Data section ▸
lemma (in prob_space) indep_events_reindex:
  fixes F :: "'j \<Rightarrow> 'a set" and f :: "'i \<Rightarrow> 'j"
  assumes "indep_events F UNIV" and "inj f"
  shows "indep_events (\<lambda>i. F (f i)) UNIV"
proof (rule indep_eventsI)
  show "F (f i) \<in> events" for i
    using assms(1) by (auto simp: indep_events_def)
next
  fix J :: "'i set" assume "finite J" "J \<noteq> {}"
  then have "prob (\<Inter>k\<in>f ` J. F k) = (\<Prod>k\<in>f ` J. prob (F k))"
    using assms(1)[unfolded indep_events_def] by (auto dest!: spec[of _ "f ` J"])
  moreover have "(\<Prod>k\<in>f ` J. prob (F k)) = (\<Prod>i\<in>J. prob (F (f i)))"
    using assms(2) by (simp add: prod.reindex inj_on_def)
  ultimately show "prob (\<Inter>i\<in>J. F (f i)) = (\<Prod>i\<in>J. prob (F (f i)))"
    by simp
qed

lemma (in prob_space) indep_vars_combine_pairs:
  fixes X :: "'i + 'i \<Rightarrow> 'a \<Rightarrow> 'b::countable" and f :: "'b \<Rightarrow> 'b \<Rightarrow> 'c"
  assumes "indep_vars (\<lambda>_. count_space UNIV) X UNIV"
  shows "indep_vars (\<lambda>_. count_space UNIV) (\<lambda>i \<omega>. f (X (Inl i) \<omega>) (X (Inr i) \<omega>)) UNIV"
proof -
  have "indep_vars (\<lambda>i. PiM {Inl i, Inr i} (\<lambda>_. count_space UNIV))
          (\<lambda>i \<omega>. restrict (\<lambda>j. X j \<omega>) {Inl i, Inr i}) UNIV"
    using assms by (rule indep_vars_restrict) (auto simp: disjoint_family_on_def)
  then have "indep_vars (\<lambda>_. count_space UNIV)
          (\<lambda>i \<omega>. (\<lambda>x. f (x (Inl i)) (x (Inr i))) (restrict (\<lambda>j. X j \<omega>) {Inl i, Inr i})) UNIV"
    by (rule indep_vars_compose2) measurable
  then show ?thesis
    by simp
qed

lemma (in prob_space) prob_less_min_pair:
  fixes X :: "'i + 'i \<Rightarrow> 'a \<Rightarrow> 'b::{linorder,countable}"
  assumes "indep_vars (\<lambda>_. count_space UNIV) X UNIV"
  shows "prob {\<omega> \<in> space M. t < min (X (Inl i) \<omega>) (X (Inr i) \<omega>)}
         = prob {\<omega> \<in> space M. t < X (Inl i) \<omega>} * prob {\<omega> \<in> space M. t < X (Inr i) \<omega>}"
proof -
  have "indep_events (\<lambda>k. {\<omega> \<in> space M. t < X k \<omega>}) UNIV"
    using assms by (rule indep_eventsI_indep_vars) simp
  then have "prob (\<Inter>k\<in>{Inl i, Inr i}. {\<omega> \<in> space M. t < X k \<omega>})
             = (\<Prod>k\<in>{Inl i, Inr i}. prob {\<omega> \<in> space M. t < X k \<omega>})"
    unfolding indep_events_def by (auto dest!: spec[of _ "{Inl i, Inr i}"])
  moreover have "{\<omega> \<in> space M. t < min (X (Inl i) \<omega>) (X (Inr i) \<omega>)}
                 = (\<Inter>k\<in>{Inl i, Inr i}. {\<omega> \<in> space M. t < X k \<omega>})"
    by auto
  ultimately show ?thesis
    by simp
qed

lemma (in prob_space) prob_eq_if_distr_eq:
  assumes "distr M N X = distr M N Y" and [measurable]: "X \<in> measurable M N" "Y \<in> measurable M N"
    and [measurable]: "B \<in> sets N"
  shows "prob {\<omega> \<in> space M. X \<omega> \<in> B} = prob {\<omega> \<in> space M. Y \<omega> \<in> B}"
proof -
  have "prob {\<omega> \<in> space M. X \<omega> \<in> B} = measure (distr M N X) B"
    by (simp add: measure_distr vimage_def Int_def conj_commute)
  also have "\<dots> = prob {\<omega> \<in> space M. Y \<omega> \<in> B}"
    unfolding assms(1) by (simp add: measure_distr vimage_def Int_def conj_commute)
  finally show ?thesis .
qed
lemma spectral_radius_less_one_if_K_splitting:
  assumes K: "proper_cone K" and A: "K_monotone K A"
    and T: "K_nonneg K T" "T = mat 1 - B ** A"
    and B: "K_ge K B P" and P: "invertible P" "K_nonneg K P"
  shows "spectral_radius T < 1"
proof -
  obtain c where c: "c \<in> K" "order_unit K c"
    using proper_cone_has_order_unit[OF K] by blast
  define z where "z = P *v c"
  define w where "w = matrix_inv A *v c"
  have "z \<in> K"
    using P(2) c(1) unfolding z_def K_nonneg_def by blast
  have "order_unit K z"
    unfolding z_def using P c(2) by (rule order_unit_matrix_image)
  have "w \<in> K"
    using A c(1) unfolding w_def K_monotone_def K_nonneg_def by blast
  have "B *v c - z \<in> K"
    using B c(1) unfolding z_def K_ge_def K_nonneg_def by (simp add: matrix_vector_mult_diff_rdistrib)
  have Bc: "B *v c = (mat 1 - T) *v w"
    using A T(2) unfolding w_def K_monotone_def
    by (simp add: matrix_vector_mul_assoc matrix_mul_assoc[symmetric] matrix_inv_right)
  have "(\<Sum>k<m. mat_pow T k *v (B *v c)) = w - mat_pow T m *v w" for m
  proof -
    have "(\<Sum>k<m. mat_pow T k *v (B *v c)) = (\<Sum>k<m. mat_pow T k ** (mat 1 - T)) *v w"
      by (simp only: Bc sum_matrix_vector_mult matrix_vector_mul_assoc)
    also have "\<dots> = w - mat_pow T m *v w"
      by (simp add: mat_pow_telescope matrix_vector_mult_diff_rdistrib)
    finally show ?thesis .
  qed
  then have partial_sums: "w - (\<Sum>k<m. mat_pow T k *v z)
      = mat_pow T m *v w + (\<Sum>k<m. mat_pow T k *v (B *v c - z))" for m
    by (simp add: matrix_vector_mult_diff_distrib sum_subtractf)
  have "mat_pow T m *v w + (\<Sum>k<m. mat_pow T k *v (B *v c - z)) \<in> K" for m
    using K_nonneg_mat_pow[OF T(1)] \<open>w \<in> K\<close> \<open>B *v c - z \<in> K\<close> proper_cone_convex_cone[OF K]
    unfolding K_nonneg_def by (intro convex_cone_add convex_cone_sum) auto
  then have "(\<lambda>k. mat_pow T k *v z) \<longlonglongrightarrow> 0"
    unfolding partial_sums[symmetric] by (rule K_nonneg_powers_tendsto_zero_if_sums_bounded[OF K T(1) \<open>z \<in> K\<close>])
  then show ?thesis
    using K_nonneg_powers_tendsto_zero[OF K T(1) \<open>order_unit K z\<close>] spectral_radius_less_one by blast
qed

lemma spectral_radius_iteration_matrix_less_one:
  assumes K: "proper_cone K" and A: "K_monotone K A"
    and "K_regular_splitting K A U V" and "K_weak_regular_I K U F G" and "s \<ge> 1"
  shows "spectral_radius (mat_pow (matrix_inv F ** G) s +
           (\<Sum>j<s. mat_pow (matrix_inv F ** G) j ** matrix_inv F ** V)) < 1"
proof -
  from assms(3) have AUV: "A = U - V" and V: "K_nonneg K V"
    unfolding K_regular_splitting_def by auto
  from assms(4) have UFG: "U = F - G" "invertible F"
    and Fi: "K_nonneg K (matrix_inv F)" and H: "K_nonneg K (matrix_inv F ** G)"
    unfolding K_weak_regular_I_def by auto
  have cone: "convex_cone K"
    using K by (rule proper_cone_convex_cone)
  let ?H = "matrix_inv F ** G"
  let ?B = "\<Sum>j<s. mat_pow ?H j ** matrix_inv F"
  have "K_nonneg K (mat_pow ?H s + (\<Sum>j<s. mat_pow ?H j ** matrix_inv F ** V))"
    by (intro K_nonneg_add K_nonneg_sum K_nonneg_mult K_nonneg_mat_pow cone H Fi V)
  moreover have "mat_pow ?H s + (\<Sum>j<s. mat_pow ?H j ** matrix_inv F ** V) = mat 1 - ?B ** A"
    using AUV UFG by (rule splitting_iteration_matrix_eq)
  moreover have "K_ge K ?B (matrix_inv F)"
  proof -
    have "?B - matrix_inv F = (\<Sum>j\<in>{..<s} - {0}. mat_pow ?H j ** matrix_inv F)"
      using \<open>s \<ge> 1\<close> by (simp add: sum.remove[of "{..<s}" 0])
    then show ?thesis
      unfolding K_ge_def by (simp add: K_nonneg_sum K_nonneg_mult K_nonneg_mat_pow cone H Fi)
  qed
  moreover have "invertible (matrix_inv F)"
    using matrix_inv_left[OF UFG(2)] matrix_inv_right[OF UFG(2)] unfolding invertible_def by blast
  ultimately show ?thesis
    using spectral_radius_less_one_if_K_splitting[OF K A] Fi by blast
qed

Work item ▸ Wherever a line in the data above holds "Inter", copy that line.

Written reply ▸
  then have "prob (\<Inter>k\<in>f ` J. F k) = (\<Prod>k\<in>f ` J. prob (F k))"
  ultimately show "prob (\<Inter>i\<in>J. F (f i)) = (\<Prod>i\<in>J. prob (F (f i)))"
  then have "prob (\<Inter>k\<in>{Inl i, Inr i}. {\<omega> \<in> space M. t < X k \<omega>})
                 = (\<Inter>k\<in>{Inl i, Inr i}. {\<omega> \<in> space M. t < X k \<omega>})"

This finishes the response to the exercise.